(* For $x=(x_n)_{n\ge1}\in\ell^{1,1/2}$ define $$Q(x):=\sum_{n\ge1}n x_n^2+2\sum_{n\ge1}n x_n\sum_{k>n}x_k .$$ Then $Q$ is well defined (the series converge absolutely) on $\ell^{1,1/2}$, it is positive semidefinite, i.e. $Q(x)\ge0$ for all $x\in\ell^{1,1/2}$, it satisfies $|Q(x)|\le 2\|x\|_{\ell^{1,1/2}}^2$ for all $x\in\ell^{1,1/2}$, and $$\inf\{Q(x): x\in\ell^{1,1/2},\ \|x\|_{\ell^{1,1/2}}=1\}=0,$$ so $Q$ is not positive definite (in the sense of being bounded below by a positive multiple of $\|x\|^2_{\ell^{1,1/2}}$).
   Context: $\ell^{1,1/2}$ denotes the space of real sequences $x=(x_n)_{n\ge1}$ with $\|x\|_{\ell^{1,1/2}}:=\sum_{n\ge1}\sqrt n\,|x_n|<\infty$. *)

theory Defs
  imports Complex_Main
begin

text \<open>A real sequence (x_n)_{n>=1} is represented by x :: nat => real; the value x 0 is
  ignored (it plays no role in any of the quantities below).\<close>

definition wnorm :: "(nat \<Rightarrow> real) \<Rightarrow> real" where
  "wnorm x = (\<Sum>m. sqrt (real (Suc m)) * \<bar>x (Suc m)\<bar>)"

definition ell112 :: "(nat \<Rightarrow> real) set" where
  "ell112 = {x. summable (\<lambda>m. sqrt (real (Suc m)) * \<bar>x (Suc m)\<bar>)}"

definition tail :: "(nat \<Rightarrow> real) \<Rightarrow> nat \<Rightarrow> real" where
  "tail x n = (\<Sum>j. x (n + Suc j))"

definition Qform :: "(nat \<Rightarrow> real) \<Rightarrow> real" where
  "Qform x = (\<Sum>m. real (Suc m) * (x (Suc m))\<^sup>2)
           + 2 * (\<Sum>m. real (Suc m) * x (Suc m) * tail x (Suc m))"

end

theory Submission
  imports Defs
begin

(*
  Put w_k = sqrt k * |x_k|, A_n = sum_{k>n} w_k (so A_0 = ||x||) and T_n = sum_{k>n} x_k;
  then sqrt n * |T_n| <= A_n.  Hence |n x_n^2 + 2 n x_n T_n| <= w_n^2 + 2 w_n A_n
  = A_{n-1}^2 - A_n^2, which telescopes to |Q x| <= ||x||^2.  The same identity for T reads
  n x_n^2 + 2 n x_n T_n = n (T_{n-1}^2 - T_n^2), so by summation by parts the N-th partial
  sum of Q x equals sum_{m<N} T_m^2 - N T_N^2 >= -A_N^2, which tends to 0.  Finally
  x = c (e_{k+1} - e_{k+2}) has Q x = c^2 but ||x|| = c (sqrt (k+1) + sqrt (k+2)).
*)

lemma summable_tail_terms: "summable (a :: nat \<Rightarrow> real) \<Longrightarrow> summable (\<lambda>j. a (n + Suc j))"
  using summable_ignore_initial_segment[of a "Suc n"] by (simp add: ac_simps)

lemma tail_unfold: "summable a \<Longrightarrow> tail a n = a (Suc n) + tail a (Suc n)"
  using suminf_split_head[OF summable_tail_terms, of a n] by (simp add: tail_def)

lemma tail_tendsto_zero:
  assumes "summable a"
  shows "tail a \<longlonglongrightarrow> 0"
proof (rule LIMSEQ_I)
  fix r :: real
  assume "0 < r"
  then obtain N where N: "\<forall>n\<ge>N. norm (\<Sum>i. a (i + n)) < r"
    using suminf_exist_split[OF _ assms] by blast
  have "tail a n = (\<Sum>i. a (i + Suc n))" for n
    unfolding tail_def by (simp add: ac_simps)
  then show "\<exists>N. \<forall>n\<ge>N. norm (tail a n - 0) < r"
    using N le_SucI by (metis diff_zero)
qed

lemma abs_tail_le: "summable (\<lambda>k. \<bar>a k\<bar>) \<Longrightarrow> \<bar>tail a n\<bar> \<le> tail (\<lambda>k. \<bar>a k\<bar>) n"
  unfolding tail_def by (rule summable_rabs) (rule summable_tail_terms)

lemma tail_square_diff:
  assumes "summable a"
  shows "(tail a n)\<^sup>2 - (tail a (Suc n))\<^sup>2 = (a (Suc n))\<^sup>2 + 2 * a (Suc n) * tail a (Suc n)"
  by (subst tail_unfold[OF assms]) (simp add: power2_eq_square algebra_simps)

lemma sums_tail_square:
  assumes "summable a"
  shows "(\<lambda>n. (a (Suc n))\<^sup>2 + 2 * a (Suc n) * tail a (Suc n)) sums (tail a 0)\<^sup>2"
  using telescope_sums'[OF tendsto_power[OF tail_tendsto_zero[OF assms], of 2]]
  by (simp add: tail_square_diff[OF assms])

lemma sum_weighted_diff:
  "(\<Sum>m<N. real (Suc m) * (f m - f (Suc m))) = (\<Sum>m<N. f m) - real N * f N"
  by (induction N) (simp_all add: algebra_simps)

(* The weight sqrt 0 = 0 discards the ignored entry x 0, so series over weighted x start at 0. *)
definition weighted :: "(nat \<Rightarrow> real) \<Rightarrow> nat \<Rightarrow> real" where
  "weighted x k = sqrt (real k) * \<bar>x k\<bar>"

lemma weighted_nonneg: "0 \<le> weighted x k"
  by (simp add: weighted_def)

lemma ell112_iff_summable_weighted: "x \<in> ell112 \<longleftrightarrow> summable (weighted x)"
  using summable_Suc_iff[of "weighted x"] by (simp add: ell112_def weighted_def)

lemma wnorm_eq_tail_weighted: "wnorm x = tail (weighted x) 0"
  by (simp add: wnorm_def tail_def weighted_def)

lemma summable_abs_if_summable_weighted:
  assumes "summable (weighted x)"
  shows "summable (\<lambda>k. \<bar>x k\<bar>)"
proof (rule summable_comparison_test'[OF assms])
  fix k :: nat
  assume "1 \<le> k"
  then have "1 * \<bar>x k\<bar> \<le> sqrt (real k) * \<bar>x k\<bar>"
    by (intro mult_right_mono) auto
  then show "norm \<bar>x k\<bar> \<le> weighted x k"
    by (simp add: weighted_def)
qed

lemma sqrt_mult_abs_tail_le:
  assumes "summable (weighted x)"
  shows "sqrt (real n) * \<bar>tail x n\<bar> \<le> tail (weighted x) n"
proof -
  have sx: "summable (\<lambda>j. \<bar>x (n + Suc j)\<bar>)"
    by (rule summable_tail_terms[OF summable_abs_if_summable_weighted[OF assms]])
  have "sqrt (real n) * \<bar>tail x n\<bar> \<le> sqrt (real n) * tail (\<lambda>k. \<bar>x k\<bar>) n"
    using abs_tail_le[OF summable_abs_if_summable_weighted[OF assms]]
    by (intro mult_left_mono) auto
  also have "\<dots> = (\<Sum>j. sqrt (real n) * \<bar>x (n + Suc j)\<bar>)"
    unfolding tail_def using suminf_mult[OF sx] by simp
  also have "\<dots> \<le> tail (weighted x) n"
    unfolding tail_def weighted_def
    by (intro suminf_le mult_right_mono summable_mult sx
          summable_tail_terms[OF assms[unfolded weighted_def]]) auto
  finally show ?thesis .
qed

definition Qform_term :: "(nat \<Rightarrow> real) \<Rightarrow> nat \<Rightarrow> real" where
  "Qform_term x m = real (Suc m) * (x (Suc m))\<^sup>2 + 2 * (real (Suc m) * x (Suc m) * tail x (Suc m))"

context
  fixes x :: "nat \<Rightarrow> real"
  assumes summable_weighted: "summable (weighted x)"
begin

lemma Qform_terms_abs_le:
  "\<bar>real (Suc m) * (x (Suc m))\<^sup>2\<bar> + 2 * \<bar>real (Suc m) * x (Suc m) * tail x (Suc m)\<bar>
     \<le> (weighted x (Suc m))\<^sup>2 + 2 * weighted x (Suc m) * tail (weighted x) (Suc m)"
proof -
  have n: "real (Suc m) = sqrt (real (Suc m)) * sqrt (real (Suc m))"
    by simp
  have "\<bar>real (Suc m) * x (Suc m) * tail x (Suc m)\<bar>
      = weighted x (Suc m) * (sqrt (real (Suc m)) * \<bar>tail x (Suc m)\<bar>)"
    unfolding weighted_def by (subst n) (simp add: abs_mult)
  also have "\<dots> \<le> weighted x (Suc m) * tail (weighted x) (Suc m)"
    by (intro mult_left_mono sqrt_mult_abs_tail_le summable_weighted weighted_nonneg)
  finally show ?thesis
    by (simp add: weighted_def power_mult_distrib)
qed

lemma summable_abs_Qform_terms:
  "summable (\<lambda>m. \<bar>real (Suc m) * (x (Suc m))\<^sup>2\<bar>)"
  "summable (\<lambda>m. \<bar>real (Suc m) * x (Suc m) * tail x (Suc m)\<bar>)"
proof -
  have majorant: "summable (\<lambda>m. (weighted x (Suc m))\<^sup>2
                    + 2 * weighted x (Suc m) * tail (weighted x) (Suc m))"
    using sums_summable[OF sums_tail_square[OF summable_weighted]] .
  show "summable (\<lambda>m. \<bar>real (Suc m) * (x (Suc m))\<^sup>2\<bar>)"
    by (rule summable_comparison_test'[OF majorant])
      (use Qform_terms_abs_le in \<open>fastforce intro: order_trans[rotated]\<close>)
  show "summable (\<lambda>m. \<bar>real (Suc m) * x (Suc m) * tail x (Suc m)\<bar>)"
    by (rule summable_comparison_test'[OF majorant])
      (use Qform_terms_abs_le in \<open>fastforce intro: order_trans[rotated]\<close>)
qed

lemma Qform_sums: "Qform_term x sums Qform x"
  unfolding Qform_def Qform_term_def[abs_def]
  using summable_sums[OF summable_rabs_cancel[OF summable_abs_Qform_terms(1)]]
    sums_mult[OF summable_sums[OF summable_rabs_cancel[OF summable_abs_Qform_terms(2)]], of 2]
  by (rule sums_add)

lemma abs_Qform_le: "\<bar>Qform x\<bar> \<le> (wnorm x)\<^sup>2"
proof -
  let ?w = "\<lambda>m. (weighted x (Suc m))\<^sup>2 + 2 * weighted x (Suc m) * tail (weighted x) (Suc m)"
  have q_le: "\<bar>Qform_term x m\<bar> \<le> ?w m" for m
    using abs_triangle_ineq[of "real (Suc m) * (x (Suc m))\<^sup>2"
        "2 * (real (Suc m) * x (Suc m) * tail x (Suc m))"] Qform_terms_abs_le[of m]
    unfolding Qform_term_def abs_mult by simp
  have w_sums: "?w sums (wnorm x)\<^sup>2"
    using sums_tail_square[OF summable_weighted] by (simp add: wnorm_eq_tail_weighted)
  have summable_abs_q: "summable (\<lambda>m. \<bar>Qform_term x m\<bar>)"
    using q_le by (intro summable_comparison_test'[OF sums_summable[OF w_sums]]) auto
  have "\<bar>Qform x\<bar> \<le> (\<Sum>m. \<bar>Qform_term x m\<bar>)"
    using summable_rabs[OF summable_abs_q] sums_unique[OF Qform_sums] by simp
  also have "\<dots> \<le> (wnorm x)\<^sup>2"
    using suminf_le[OF q_le summable_abs_q sums_summable[OF w_sums]] sums_unique[OF w_sums]
    by simp
  finally show ?thesis .
qed

lemma tendsto_real_mult_tail_square: "(\<lambda>N. real N * (tail x N)\<^sup>2) \<longlonglongrightarrow> 0"
proof (rule tendsto_sandwich[OF _ _ tendsto_const])
  show "\<forall>\<^sub>F N in sequentially. 0 \<le> real N * (tail x N)\<^sup>2"
    by simp
  have "real N * (tail x N)\<^sup>2 \<le> (tail (weighted x) N)\<^sup>2" for N
    using power_mono[OF sqrt_mult_abs_tail_le[OF summable_weighted, of N], of 2]
    by (simp add: power_mult_distrib)
  then show "\<forall>\<^sub>F N in sequentially. real N * (tail x N)\<^sup>2 \<le> (tail (weighted x) N)\<^sup>2"
    by simp
  show "(\<lambda>N. (tail (weighted x) N)\<^sup>2) \<longlonglongrightarrow> 0"
    using tendsto_power[OF tail_tendsto_zero[OF summable_weighted], of 2] by simp
qed

lemma Qform_nonneg: "0 \<le> Qform x"
proof -
  have summable_x: "summable x"
    by (rule summable_rabs_cancel[OF summable_abs_if_summable_weighted[OF summable_weighted]])
  have "Qform_term x m = real (Suc m) * ((tail x m)\<^sup>2 - (tail x (Suc m))\<^sup>2)" for m
    unfolding Qform_term_def tail_square_diff[OF summable_x]
    by (simp add: algebra_simps del: of_nat_Suc)
  then have partial_sums:
    "(\<Sum>m<N. Qform_term x m) = (\<Sum>m<N. (tail x m)\<^sup>2) - real N * (tail x N)\<^sup>2" for N
    using sum_weighted_diff[of "\<lambda>m. (tail x m)\<^sup>2" N] by (simp only:)
  have "(\<lambda>N. - (real N * (tail x N)\<^sup>2)) \<longlonglongrightarrow> 0"
    using tendsto_minus[OF tendsto_real_mult_tail_square] by simp
  moreover have "- (real N * (tail x N)\<^sup>2) \<le> (\<Sum>m<N. Qform_term x m)" for N
    unfolding partial_sums by (simp add: sum_nonneg)
  ultimately show ?thesis
    using LIMSEQ_le[OF _ Qform_sums[unfolded sums_def]] by blast
qed

end

definition dipole :: "real \<Rightarrow> nat \<Rightarrow> nat \<Rightarrow> real" where
  "dipole c k n = (if n = Suc k then c else if n = Suc (Suc k) then - c else 0)"

lemma summable_weighted_dipole: "summable (weighted (dipole c k))"
  by (rule summable_finite[of "{Suc k, Suc (Suc k)}"]) (auto simp: weighted_def dipole_def)

lemma wnorm_dipole:
  "wnorm (dipole c k) = \<bar>c\<bar> * (sqrt (real (Suc k)) + sqrt (real (Suc (Suc k))))"
proof -
  have "(\<lambda>m. sqrt (real (Suc m)) * \<bar>dipole c k (Suc m)\<bar>)
      sums (\<Sum>m\<in>{k, Suc k}. sqrt (real (Suc m)) * \<bar>dipole c k (Suc m)\<bar>)"
    by (rule sums_finite) (auto simp: dipole_def)
  then show ?thesis
    unfolding wnorm_def by (simp add: sums_iff dipole_def algebra_simps del: of_nat_Suc)
qed

lemma Qform_dipole: "Qform (dipole c k) = c\<^sup>2"
proof -
  have tail_Suc: "tail (dipole c k) (Suc k) = - c"
  proof -
    have "(\<lambda>j. dipole c k (Suc k + Suc j)) sums (\<Sum>j\<in>{0}. dipole c k (Suc k + Suc j))"
      by (rule sums_finite) (auto simp: dipole_def)
    then show ?thesis
      unfolding tail_def by (simp add: sums_iff dipole_def)
  qed
  have tail_Suc_Suc: "tail (dipole c k) (Suc (Suc k)) = 0"
    unfolding tail_def by (simp add: dipole_def)
  have squares: "(\<lambda>m. real (Suc m) * (dipole c k (Suc m))\<^sup>2)
      sums (\<Sum>m\<in>{k, Suc k}. real (Suc m) * (dipole c k (Suc m))\<^sup>2)"
    by (rule sums_finite) (auto simp: dipole_def)
  have products: "(\<lambda>m. real (Suc m) * dipole c k (Suc m) * tail (dipole c k) (Suc m))
      sums (\<Sum>m\<in>{k, Suc k}. real (Suc m) * dipole c k (Suc m) * tail (dipole c k) (Suc m))"
    by (rule sums_finite) (auto simp: dipole_def)
  have "Qform (dipole c k) = (real (Suc k) * c\<^sup>2 + real (Suc (Suc k)) * c\<^sup>2)
        + 2 * (real (Suc k) * c * (- c))"
    unfolding Qform_def sums_unique[OF squares, symmetric] sums_unique[OF products, symmetric]
    by (simp add: dipole_def tail_Suc tail_Suc_Suc del: of_nat_Suc)
  also have "\<dots> = c\<^sup>2"
    by (simp add: algebra_simps power2_eq_square)
  finally show ?thesis .
qed

lemma exists_unit_Qform_le:
  "\<exists>x\<in>ell112. wnorm x = 1 \<and> Qform x \<le> inverse (real (Suc k))"
proof -
  define s where "s = sqrt (real (Suc k)) + sqrt (real (Suc (Suc k)))"
  have sqrt_le: "sqrt (real (Suc k)) \<le> s" and sqrt_pos: "0 < sqrt (real (Suc k))"
    by (simp_all add: s_def)
  then have s_pos: "0 < s"
    by linarith
  have "(inverse s)\<^sup>2 \<le> (inverse (sqrt (real (Suc k))))\<^sup>2"
    using sqrt_le sqrt_pos s_pos by (intro power_mono le_imp_inverse_le) auto
  then have "Qform (dipole (inverse s) k) \<le> inverse (real (Suc k))"
    by (simp add: Qform_dipole power_inverse)
  moreover have "wnorm (dipole (inverse s) k) = 1"
    using s_pos unfolding wnorm_dipole s_def[symmetric] by simp
  ultimately show ?thesis
    using summable_weighted_dipole ell112_iff_summable_weighted by blast
qed

theorem proposition2p2:
  shows "(\<forall>x\<in>ell112.
            summable (\<lambda>m. \<bar>real (Suc m) * (x (Suc m))\<^sup>2\<bar>)
          \<and> (\<forall>n\<ge>1. summable (\<lambda>j. \<bar>x (n + Suc j)\<bar>))
          \<and> summable (\<lambda>m. \<bar>real (Suc m) * x (Suc m) * tail x (Suc m)\<bar>))
       \<and> (\<forall>x\<in>ell112. Qform x \<ge> 0)
       \<and> (\<forall>x\<in>ell112. \<bar>Qform x\<bar> \<le> 2 * (wnorm x)\<^sup>2)
       \<and> Inf (Qform ` {x\<in>ell112. wnorm x = 1}) = 0"
proof (intro conjI ballI allI impI)
  fix x
  assume "x \<in> ell112"
  then have w: "summable (weighted x)"
    by (simp add: ell112_iff_summable_weighted)
  show "summable (\<lambda>m. \<bar>real (Suc m) * (x (Suc m))\<^sup>2\<bar>)"
    "summable (\<lambda>m. \<bar>real (Suc m) * x (Suc m) * tail x (Suc m)\<bar>)"
    by (fact summable_abs_Qform_terms[OF w])+
  show "0 \<le> Qform x"
    by (fact Qform_nonneg[OF w])
  show "summable (\<lambda>j. \<bar>x (n + Suc j)\<bar>)" for n
    by (fact summable_tail_terms[OF summable_abs_if_summable_weighted[OF w]])
  show "\<bar>Qform x\<bar> \<le> 2 * (wnorm x)\<^sup>2"
    using abs_Qform_le[OF w] by simp
next
  let ?S = "Qform ` {x\<in>ell112. wnorm x = 1}"
  have lower: "q \<in> ?S \<Longrightarrow> 0 \<le> q" for q
    using Qform_nonneg by (auto simp: ell112_iff_summable_weighted)
  have upper: "Inf ?S \<le> inverse (real (Suc k))" for k
  proof -
    obtain x where x: "x \<in> ell112" "wnorm x = 1" and Qx: "Qform x \<le> inverse (real (Suc k))"
      using exists_unit_Qform_le by blast
    have "Inf ?S \<le> Qform x"
      using x lower by (intro cInf_lower bdd_belowI) auto
    with Qx show ?thesis
      by linarith
  qed
  have "?S \<noteq> {}"
    using exists_unit_Qform_le by blast
  then have "0 \<le> Inf ?S"
    using lower by (rule cInf_greatest)
  moreover have "Inf ?S \<le> 0"
    using upper by (intro LIMSEQ_le_const[OF LIMSEQ_inverse_real_of_nat]) blast
  ultimately show "Inf ?S = 0"
    by simp
qed

end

_What is expected_
Would you print exactly, and only, the lines of the data above from the line with "x sums Qform" through the line with "using sums_tail_square[OF summable_weighted]", inclusive?

_Written response_
lemma Qform_sums: "Qform_term x sums Qform x"
  unfolding Qform_def Qform_term_def[abs_def]
  using summable_sums[OF summable_rabs_cancel[OF summable_abs_Qform_terms(1)]]
    sums_mult[OF summable_sums[OF summable_rabs_cancel[OF summable_abs_Qform_terms(2)]], of 2]
  by (rule sums_add)

lemma abs_Qform_le: "\<bar>Qform x\<bar> \<le> (wnorm x)\<^sup>2"
proof -
  let ?w = "\<lambda>m. (weighted x (Suc m))\<^sup>2 + 2 * weighted x (Suc m) * tail (weighted x) (Suc m)"
  have q_le: "\<bar>Qform_term x m\<bar> \<le> ?w m" for m
    using abs_triangle_ineq[of "real (Suc m) * (x (Suc m))\<^sup>2"
        "2 * (real (Suc m) * x (Suc m) * tail x (Suc m))"] Qform_terms_abs_le[of m]
    unfolding Qform_term_def abs_mult by simp
  have w_sums: "?w sums (wnorm x)\<^sup>2"
    using sums_tail_square[OF summable_weighted] by (simp add: wnorm_eq_tail_weighted)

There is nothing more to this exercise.